What Is the Outlook for U.S. Crude Oil Prices as Wartime Risks Diminish?

By Patricia Miller

Jun 17, 2026

2 min read

The wartime risk premium that drove U.S. crude oil prices higher is fading as tensions ease, stabilizing oil markets and future price projections.

#What Is Happening to the Wartime Risk Premium in Oil Prices?

The wartime risk premium that previously influenced U.S. crude oil prices has begun to fade away. Recent analysis indicates that this premium, which at its highest contributed an approximate $4 increase per barrel, has largely dissipated as geopolitical tensions in the Middle East have relaxed. Following a period of high volatility where oil prices dramatically increased due to concerns over potential supply disruptions, we are now witnessing a retreat as diplomatic efforts have significantly diminished these fears.
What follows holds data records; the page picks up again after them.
(* Let $S=\mathbb{C}[w,x,y,z]$ with its standard grading, let $f\in S$ be homogeneous, let $J=(f_w,f_x,f_y,f_z)\subset S$ be its Jacobian ideal, and let $p_1,\dots,p_r\in\mathbb{C}^4\setminus\{0\}$ be points. Let $M\ge 1$ and let $D_1,\dots,D_M$ be linear functionals on $S$ of the form $D_j(h)=\sum_{\alpha\in A_j}c_{j,\alpha}\,(\partial^{\alpha}h)(p_{i(j)})$, where $i(j)\in\{1,\dots,r\}$, $A_j\subset\mathbb{Z}_{\ge0}^4$ is finite and $c_{j,\alpha}\in\mathbb{C}\setminus\{0\}$. Let $m_0$ be an integer and assume: (i) for every $m\ge m_0$ and every homogeneous $h\in S_m$, one has $h\in J$ if and only if $D_j(h)=0$ for all $j=1,\dots,M$; (ii) $\dim_{\mathbb{C}}(S/J)_m=M$ for every $m\ge m_0$. Let $L\in S$ be homogeneous of degree $e\ge 0$ such that $L(p_i)\neq 0$ for all $i$, and such that for every $j$, every $\alpha\in A_j$ and every multi-index $\beta\neq 0$ with $\beta\le\alpha$ componentwise, $(\partial^{\beta}L)(p_{i(j)})=0$. Then for every $m\ge m_0$, multiplication by $L$ induces a well-defined isomorphism $(S/J)_m\to(S/J)_{m+e}$; in particular, a homogeneous $h$ of degree $m\ge m_0$ with $h\notin J$ satisfies $hL\notin J$, and if the classes of $h_1,\dots,h_M\in S_m$ form a basis of $(S/J)_m$, then the classes of $Lh_1,\dots,Lh_M$ form a basis of $(S/J)_{m+e}$.
   Context: For $\alpha=(\alpha_0,\alpha_1,\alpha_2,\alpha_3)\in\mathbb{Z}_{\ge0}^4$, $\partial^{\alpha}=\frac{\partial^{\alpha_0}}{\partial w^{\alpha_0}}\frac{\partial^{\alpha_1}}{\partial x^{\alpha_1}}\frac{\partial^{\alpha_2}}{\partial y^{\alpha_2}}\frac{\partial^{\alpha_3}}{\partial z^{\alpha_3}}$, and $(\partial^\alpha h)(p)$ denotes this derivative evaluated at the point $p$. $(S/J)_m$ denotes the degree-$m$ graded piece of the graded quotient ring $S/J$. In the intended application $f$ defines a surface in $\mathbb{P}^3$ with ADE singularities, $p_i$ are representatives of its singular points, $M$ is the global Milnor number (sum of Milnor numbers), $D_j$ are the differential operators characterizing the Jacobian ideal near the singular points, and $m_0=3(\deg f-2)$. *)

theory Defs
  imports Complex_Main "HOL-Library.Poly_Mapping" "HOL-Library.Numeral_Type"
begin

text \<open>The four variables w,x,y,z are the four
  elements 0,1,2,3 of the numeral type 4. A monomial is an exponent vector
  (finitely supported map 4 to nat), a polynomial is a finitely supported coefficient map.\<close>

type_synonym mono4 = "4 \<Rightarrow>\<^sub>0 nat"
type_synonym poly4 = "mono4 \<Rightarrow>\<^sub>0 complex"

definition mdeg :: "mono4 \<Rightarrow> nat" where
  "mdeg a = (\<Sum>i\<in>UNIV. Poly_Mapping.lookup a i)"

definition homog :: "nat \<Rightarrow> poly4 \<Rightarrow> bool" where
  "homog m h \<longleftrightarrow> (\<forall>a\<in>Poly_Mapping.keys h. mdeg a = m)"

definition const4 :: "complex \<Rightarrow> poly4" where
  "const4 c = Poly_Mapping.single 0 c"

definition eval4 :: "(4 \<Rightarrow> complex) \<Rightarrow> poly4 \<Rightarrow> complex" where
  "eval4 p h = (\<Sum>a\<in>Poly_Mapping.keys h. Poly_Mapping.lookup h a * (\<Prod>i\<in>UNIV. p i ^ Poly_Mapping.lookup a i))"

definition pd :: "4 \<Rightarrow> poly4 \<Rightarrow> poly4" where
  "pd i h = (\<Sum>a\<in>Poly_Mapping.keys h. Poly_Mapping.single (a - Poly_Mapping.single i 1)
                              (of_nat (Poly_Mapping.lookup a i) * Poly_Mapping.lookup h a))"

definition pdm :: "(4 \<Rightarrow> nat) \<Rightarrow> poly4 \<Rightarrow> poly4" where
  "pdm \<alpha> h = ((pd 0 ^^ \<alpha> 0) \<circ> (pd 1 ^^ \<alpha> 1) \<circ> (pd 2 ^^ \<alpha> 2) \<circ> (pd 3 ^^ \<alpha> 3)) h"

definition jac_ideal :: "poly4 \<Rightarrow> poly4 set" where
  "jac_ideal f = {h. \<exists>g :: 4 \<Rightarrow> poly4. h = (\<Sum>i\<in>UNIV. g i * pd i f)}"

definition quot_basis :: "poly4 set \<Rightarrow> nat \<Rightarrow> nat \<Rightarrow> (nat \<Rightarrow> poly4) \<Rightarrow> bool" where
  "quot_basis J m n hs \<longleftrightarrow>
     (\<forall>j\<in>{1..n}. homog m (hs j)) \<and>
     (\<forall>c :: nat \<Rightarrow> complex. (\<Sum>j=1..n. const4 (c j) * hs j) \<in> J \<longrightarrow> (\<forall>j\<in>{1..n}. c j = 0)) \<and>
     (\<forall>h. homog m h \<longrightarrow> (\<exists>c :: nat \<Rightarrow> complex. h - (\<Sum>j=1..n. const4 (c j) * hs j) \<in> J))"

definition quot_dim_eq :: "poly4 set \<Rightarrow> nat \<Rightarrow> nat \<Rightarrow> bool" where
  "quot_dim_eq J m n \<longleftrightarrow> (\<exists>hs. quot_basis J m n hs)"

end

theory Submission
  imports Defs Jordan_Normal_Form.Determinant
begin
Market participants currently view the oil supply situation as more stable. This assessment aligns with forecasts from leading financial institutions, including BloombergNEF and J.P. Morgan, which predict that crude prices may average between $55 and $60 per barrel by 2026, given no major disruptions occur.

#What Should Investors Take Away from This?
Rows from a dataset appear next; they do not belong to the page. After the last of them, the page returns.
(* Let $L\in\mathcal{C}^2(\mathbb{R}^n\times\mathbb{R}^n,\mathbb{R})$, $\mathbf{g}\in\mathcal{C}^1(\mathbb{R}^n,\mathbb{R}^m)$ with Jacobian $\nabla\mathbf{g}(\mathbf{q})\in\mathbb{R}^{m\times n}$, and $\tilde{\mathbf{B}}:\mathbb{R}^n\times\mathbb{R}^n\to\mathbb{R}^{n\times p}$. Consider the Lagrange equations of the first kind $$\dot{\mathbf{q}}=\mathbf{v},\qquad \frac{\mathrm{d}}{\mathrm{d}t}\big(\partial_{\mathbf{v}}L(\mathbf{q},\mathbf{v})\big)=\partial_{\mathbf{q}}L(\mathbf{q},\mathbf{v})-\nabla\mathbf{g}(\mathbf{q})^\top\boldsymbol{\lambda}+\tilde{\mathbf{B}}(\mathbf{q},\mathbf{v})\mathbf{u},\qquad \mathbf{0}=\nabla\mathbf{g}(\mathbf{q})\mathbf{v},$$ with $\mathbf{q},\mathbf{v}\in\mathbb{R}^n$, $\boldsymbol{\lambda}\in\mathbb{R}^m$, $\mathbf{u}\in\mathbb{R}^p$. Set $\mathbf{x}=(\mathbf{q},\mathbf{v},\boldsymbol{\lambda})$, $$\mathbf{E}(\mathbf{x})=\begin{bmatrix}\mathbf{I}&\mathbf{0}&\mathbf{0}\\ \mathbf{0}&\partial^2_{\mathbf{v}\mathbf{v}}L&\mathbf{0}\\ \mathbf{0}&\mathbf{0}&\mathbf{0}\end{bmatrix},\quad \mathbf{J}(\mathbf{x})=\begin{bmatrix}\mathbf{0}&\mathbf{I}&\mathbf{0}\\ -\mathbf{I}&\partial^2_{\mathbf{q}\mathbf{v}}L-(\partial^2_{\mathbf{q}\mathbf{v}}L)^\top&-\nabla\mathbf{g}^\top\\ \mathbf{0}&\nabla\mathbf{g}&\mathbf{0}\end{bmatrix},\quad \mathbf{z}(\mathbf{x})=\begin{bmatrix}-\partial_{\mathbf{q}}L+(\partial^2_{\mathbf{q}\mathbf{v}}L)\mathbf{v}\\ \mathbf{v}\\ \boldsymbol{\lambda}\end{bmatrix},\quad \mathbf{B}(\mathbf{x})=\begin{bmatrix}\mathbf{0}\\ \tilde{\mathbf{B}}(\mathbf{q},\mathbf{v})\\ \mathbf{0}\end{bmatrix},$$ and $H(\mathbf{q},\mathbf{v},\boldsymbol{\lambda})=\partial_{\mathbf{v}}L(\mathbf{q},\mathbf{v})^\top\mathbf{v}-L(\mathbf{q},\mathbf{v})$. Then (a) a differentiable trajectory $(\mathbf{q},\mathbf{v},\boldsymbol{\lambda})$ solves the Lagrange equations above if and only if it solves $\mathbf{E}(\mathbf{x})\dot{\mathbf{x}}=\mathbf{J}(\mathbf{x})\mathbf{z}(\mathbf{x})+\mathbf{B}(\mathbf{x})\mathbf{u}$; (b) $\mathbf{E}$ is symmetric, $\mathbf{J}$ is skew-symmetric, and $\mathbf{E}(\mathbf{x})^\top\mathbf{z}(\mathbf{x})=\nabla H(\mathbf{x})$ for all $\mathbf{x}$; hence the system is a port-Hamiltonian descriptor system with output $\mathbf{y}=\mathbf{B}^\top\mathbf{z}=\tilde{\mathbf{B}}^\top\mathbf{v}$, and along every solution $\frac{\mathrm{d}}{\mathrm{d}t}H=\mathbf{u}^\top\tilde{\mathbf{B}}^\top\mathbf{v}$.
   Context: Gradients and partial derivatives $\partial_{\mathbf{q}}f$ are column vectors. Second derivatives are defined by $\partial^2_{\mathbf{q}\mathbf{v}}f:=\frac{\partial}{\partial\mathbf{v}}\big(\frac{\partial f}{\partial\mathbf{q}}\big)$, i.e. the matrix with $(i,j)$ entry $\partial^2 f/\partial q_i\partial v_j$; similarly $\partial^2_{\mathbf{v}\mathbf{v}}L$ has entries $\partial^2L/\partial v_i\partial v_j$. A port-Hamiltonian descriptor system is a system $\mathbf{E}(\mathbf{x})\dot{\mathbf{x}}=\mathbf{J}(\mathbf{x})\mathbf{z}(\mathbf{x})+\mathbf{B}(\mathbf{x})\mathbf{u}$, $\mathbf{y}=\mathbf{B}(\mathbf{x})^\top\mathbf{z}$, with $\mathbf{E}$ symmetric (possibly singular), $\mathbf{J}$ skew-symmetric, and a Hamiltonian $H$ satisfying $\mathbf{E}(\mathbf{x})^\top\mathbf{z}(\mathbf{x})=\nabla H(\mathbf{x})$. *)

theory Defs
  imports "HOL-Analysis.Analysis"
begin

definition C1 :: "('a::real_normed_vector \<Rightarrow> 'b::real_normed_vector) \<Rightarrow> bool" where
  "C1 f \<longleftrightarrow> (\<exists>f'. (\<forall>x. (f has_derivative blinfun_apply (f' x)) (at x)) \<and> continuous_on UNIV f')"

definition C2 :: "('a::real_normed_vector \<Rightarrow> 'b::real_normed_vector) \<Rightarrow> bool" where
  "C2 f \<longleftrightarrow> (\<exists>f'. (\<forall>x. (f has_derivative blinfun_apply (f' x)) (at x)) \<and> C1 f')"

definition pq :: "(real^'n \<Rightarrow> real^'n \<Rightarrow> real) \<Rightarrow> real^'n \<Rightarrow> real^'n \<Rightarrow> real^'n" where
  "pq L q v = (\<chi> i. deriv (\<lambda>t. L (q + t *\<^sub>R axis i 1) v) 0)"

definition pv :: "(real^'n \<Rightarrow> real^'n \<Rightarrow> real) \<Rightarrow> real^'n \<Rightarrow> real^'n \<Rightarrow> real^'n" where
  "pv L q v = (\<chi> i. deriv (\<lambda>t. L q (v + t *\<^sub>R axis i 1)) 0)"

definition d2vv :: "(real^'n \<Rightarrow> real^'n \<Rightarrow> real) \<Rightarrow> real^'n \<Rightarrow> real^'n \<Rightarrow> real^'n^'n" where
  "d2vv L q v = (\<chi> i j. deriv (\<lambda>t. pv L q (v + t *\<^sub>R axis j 1) $ i) 0)"

definition d2qv :: "(real^'n \<Rightarrow> real^'n \<Rightarrow> real) \<Rightarrow> real^'n \<Rightarrow> real^'n \<Rightarrow> real^'n^'n" where
  "d2qv L q v = (\<chi> i j. deriv (\<lambda>t. pq L q (v + t *\<^sub>R axis j 1) $ i) 0)"

definition jac :: "(real^'n \<Rightarrow> real^'m) \<Rightarrow> real^'n \<Rightarrow> real^'n^'m" where
  "jac g q = matrix (frechet_derivative g (at q))"

text \<open>State x = (q, v, lambda) as a vector indexed by 'n + ('n + 'm).\<close>
definition xvec :: "real^'n \<Rightarrow> real^'n \<Rightarrow> real^'m \<Rightarrow> real^('n::finite + ('n + 'm::finite))" where
  "xvec q v lam = (\<chi> i. case i of Inl a \<Rightarrow> q $ a | Inr (Inl a) \<Rightarrow> v $ a | Inr (Inr a) \<Rightarrow> lam $ a)"

definition xq :: "real^('n::finite + ('n + 'm::finite)) \<Rightarrow> real^'n" where "xq x = (\<chi> a. x $ Inl a)"
definition xv :: "real^('n::finite + ('n + 'm::finite)) \<Rightarrow> real^'n" where "xv x = (\<chi> a. x $ Inr (Inl a))"
definition xl :: "real^('n::finite + ('n + 'm::finite)) \<Rightarrow> real^'m" where "xl x = (\<chi> a. x $ Inr (Inr a))"

definition Emat :: "(real^'n \<Rightarrow> real^'n \<Rightarrow> real) \<Rightarrow> real^('n::finite + ('n + 'm::finite)) \<Rightarrow> real^('n + ('n + 'm))^('n + ('n + 'm))" where
  "Emat L x = (\<chi> i j. case (i, j) of
      (Inl a, Inl b) \<Rightarrow> (if a = b then 1 else 0)
    | (Inr (Inl a), Inr (Inl b)) \<Rightarrow> d2vv L (xq x) (xv x) $ a $ b
    | _ \<Rightarrow> 0)"

definition Jmat :: "(real^'n \<Rightarrow> real^'n \<Rightarrow> real) \<Rightarrow> (real^'n \<Rightarrow> real^'m) \<Rightarrow> real^('n::finite + ('n + 'm::finite)) \<Rightarrow> real^('n + ('n + 'm))^('n + ('n + 'm))" where
  "Jmat L g x = (let S = d2qv L (xq x) (xv x); G = jac g (xq x) in
    (\<chi> i j. case (i, j) of
      (Inl a, Inr (Inl b)) \<Rightarrow> (if a = b then 1 else 0)
    | (Inr (Inl a), Inl b) \<Rightarrow> - (if a = b then 1 else 0)
    | (Inr (Inl a), Inr (Inl b)) \<Rightarrow> (S - transpose S) $ a $ b
    | (Inr (Inl a), Inr (Inr b)) \<Rightarrow> - (transpose G) $ a $ b
    | (Inr (Inr a), Inr (Inl b)) \<Rightarrow> G $ a $ b
    | _ \<Rightarrow> 0))"

definition zvec :: "(real^'n \<Rightarrow> real^'n \<Rightarrow> real) \<Rightarrow> real^('n::finite + ('n + 'm::finite)) \<Rightarrow> real^('n + ('n + 'm))" where
  "zvec L x = (let w = - pq L (xq x) (xv x) + d2qv L (xq x) (xv x) *v xv x in
    (\<chi> i. case i of Inl a \<Rightarrow> w $ a | Inr (Inl a) \<Rightarrow> xv x $ a | Inr (Inr a) \<Rightarrow> xl x $ a))"

definition Bmat :: "(real^'n \<Rightarrow> real^'n \<Rightarrow> real^'p^'n) \<Rightarrow> real^('n::finite + ('n + 'm::finite)) \<Rightarrow> real^'p^('n + ('n + 'm))" where
  "Bmat Bt x = (\<chi> i k. case i of Inr (Inl a) \<Rightarrow> Bt (xq x) (xv x) $ a $ k | _ \<Rightarrow> 0)"

definition Ham :: "(real^'n \<Rightarrow> real^'n \<Rightarrow> real) \<Rightarrow> real^('n::finite + ('n + 'm::finite)) \<Rightarrow> real" where
  "Ham L x = pv L (xq x) (xv x) \<bullet> xv x - L (xq x) (xv x)"

end

theory Submission
  imports Defs
begin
Investors should note that the reduction in the wartime risk premium corresponds with market indicators showing less likelihood for crude oil to reach new record highs. The easing geopolitical situation in the Middle East seems to be playing a key role in stabilizing crude oil prices.

Furthermore, market expectations for crude oil’s future performance are adjusting. Evidence of this adjustment is seen in decreasing probabilities for significant price spikes in both September and December of 2026.
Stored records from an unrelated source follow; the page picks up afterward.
(* Let $D\in\mathbb{N}$, $r\in\{1,\dots,D\}$ and $p\in(0,1)$. For $\alpha>0$ let $Y_\alpha\sim\mathrm{NB}_{\alpha,p}^{(r,D)}$, and let $U\sim\mathcal{N}_{0,1}^{(r,D)}$. Then $$\lim_{\alpha\to\infty}\mathbb{D}[Y_\alpha]=\frac{1}{p}\operatorname{Var}(U).$$
   Context: $\mathrm{NB}_{\alpha,p}$ denotes the negative binomial distribution on $\mathbb{N}_0$ with pmf $\frac{\Gamma(y+\alpha)}{y!\,\Gamma(\alpha)}p^{\alpha}(1-p)^{y}$. It has mean $\alpha(1-p)/p$, variance $\alpha(1-p)/p^2$, and index of dispersion $1/p$. $\mathrm{NB}_{\alpha,p}^{(r,D)}$ is the law of the $r$-th smallest of $D$ i.i.d. $\mathrm{NB}_{\alpha,p}$ variables, and $\mathcal{N}_{0,1}^{(r,D)}$ is the law of the $r$-th smallest of $D$ i.i.d. standard normal variables. For a nonnegative random variable $Y$ with positive finite mean, the index of dispersion is $\mathbb{D}[Y]=\operatorname{Var}(Y)/\mathbb{E}[Y]$. *)

theory Defs
  imports "HOL-Probability.Probability"
begin

definition nb_pmf :: "real \<Rightarrow> real \<Rightarrow> nat \<Rightarrow> real" where
  "nb_pmf \<alpha> p y = Gamma (real y + \<alpha>) / (fact y * Gamma \<alpha>) * p powr \<alpha> * (1 - p) ^ y"

definition NB :: "real \<Rightarrow> real \<Rightarrow> real measure" where
  "NB \<alpha> p = distr (density (count_space UNIV) (\<lambda>y::nat. ennreal (nb_pmf \<alpha> p y))) borel real"

definition std_normal :: "real measure" where
  "std_normal = density lborel std_normal_density"

text \<open>The r-th smallest entry (r counted from 1) of the vector (x 0, ..., x (D-1)).\<close>
definition rth_smallest :: "nat \<Rightarrow> nat \<Rightarrow> (nat \<Rightarrow> real) \<Rightarrow> real" where
  "rth_smallest D r x = sort (map x [0..<D]) ! (r - 1)"

definition order_stat_law :: "nat \<Rightarrow> nat \<Rightarrow> real measure \<Rightarrow> real measure" where
  "order_stat_law D r M = distr (PiM {..<D} (\<lambda>_. M)) borel (rth_smallest D r)"

definition mean_of :: "real measure \<Rightarrow> real" where
  "mean_of N = (\<integral>x. x \<partial>N)"

definition var_of :: "real measure \<Rightarrow> real" where
  "var_of N = (\<integral>x. (x - mean_of N)\<^sup>2 \<partial>N)"

definition dispersion :: "real measure \<Rightarrow> real" where
  "dispersion N = var_of N / mean_of N"

end

(* The negative binomial law NB(a,p) has mean m = a(1-p)/p and standard deviation
   s = sqrt(a(1-p))/p.  Its standardisation Z_a = (Y - m)/s is asymptotically standard
   normal: the characteristic function of Z_a is exp(a R(t/s) - t^2/2), where the remainder
   R of the second-order cumulant expansion is O(|t/s|^3), and a |t/s|^3 -> 0.
   By Skorohod's theorem this weak convergence is realised pointwise on a common probability
   space.  The r-th smallest of D values is a 1-Lipschitz function of them and is dominated by
   sum_i (1 + x_i^2), whose integral converges; so Pratt's lemma gives convergence of the
   mean E_a and variance V_a of the r-th order statistic of Z_a to those of the normal one.
   Since the order statistic commutes with the increasing map z -> m + s z, the order
   statistic of NB(a,p) has dispersion s^2 V_a / (m + s E_a) = (V_a / p) / (1 + E_a / sqrt(a(1-p))),
   which tends to Var(U) / p. *)

theory Submission
  imports Defs "HOL-Real_Asymp.Real_Asymp"
begin

section \<open>Order statistics\<close>

lemma sorted_nth_le_iff_card:
  fixes s :: "'a::linorder list"
  assumes "sorted s" "k < length s"
  shows "s ! k \<le> c \<longleftrightarrow> k < card {i. i < length s \<and> s ! i \<le> c}"
proof
  assume "s ! k \<le> c"
  then have "{..k} \<subseteq> {i. i < length s \<and> s ! i \<le> c}"
    using assms sorted_nth_mono[OF assms(1)] by (fastforce intro: order.trans)
  from card_mono[OF _ this] show "k < card {i. i < length s \<and> s ! i \<le> c}"
    by (simp only: finite_Collect_conjI finite_Collect_less_nat card_atMost Suc_le_eq simp_thms)
next
  assume "k < card {i. i < length s \<and> s ! i \<le> c}"
  moreover have "{i. i < length s \<and> s ! i \<le> c} \<subseteq> {..<k}" if "c < s ! k"
  proof
    fix i assume i: "i \<in> {i. i < length s \<and> s ! i \<le> c}"
    show "i \<in> {..<k}"
    proof (rule ccontr)
      assume "i \<notin> {..<k}"
      then have "s ! k \<le> s ! i"
        using i sorted_nth_mono[OF assms(1), of k i] by simp
      then show False
        using i that by (simp add: leD order.trans)
    qed
  qed
  ultimately show "s ! k \<le> c"
    using card_mono[of "{..<k}" "{i. i < length s \<and> s ! i \<le> c}"] by force
qed

lemma rth_smallest_le_iff:
  assumes "1 \<le> r" "r \<le> D"
  shows "rth_smallest D r x \<le> c \<longleftrightarrow> r \<le> card {i. i < D \<and> x i \<le> c}"
proof -
  let ?s = "sort (map x [0..<D])"
  have "card {i. i < length ?s \<and> ?s ! i \<le> c} = length (filter (\<lambda>a. a \<le> c) ?s)"
    by (simp add: length_filter_conv_card)
  also have "\<dots> = length (filter (\<lambda>a. a \<le> c) (map x [0..<D]))"
    by (simp add: filter_sort)
  also have "\<dots> = card {i. i < D \<and> x i \<le> c}"
    by (auto simp: length_filter_conv_card intro!: arg_cong[where f=card])
  finally show ?thesis
    using assms sorted_nth_le_iff_card[of ?s "r - 1" c] by (simp add: rth_smallest_def) arith
qed

lemma rth_smallest_mem:
  assumes "1 \<le> r" "r \<le> D"
  obtains j where "j < D" "rth_smallest D r x = x j"
proof -
  have "rth_smallest D r x \<in> set (sort (map x [0..<D]))"
    unfolding rth_smallest_def using assms by (intro nth_mem) simp
  then show ?thesis using that by auto
qed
#Who Should Be Monitored Moving Forward?

It is important to pay attention to the moves of influential figures in the energy sector, such as OPEC's Secretary General and the Saudi Minister of Energy. Any unforeseen geopolitical incidents or changes in production levels could significantly sway market sentiment. As developments unfold, it becomes essential to follow updates concerning diplomacy and the state of the supply chain, as announcements from major oil-producing nations or organizations could further impact pricing dynamics.

Important Notice And Disclaimer

This article does not provide any financial advice and is not a recommendation to deal in any securities or product. Investments may fall in value and an investor may lose some or all of their investment. Past performance is not an indicator of future performance.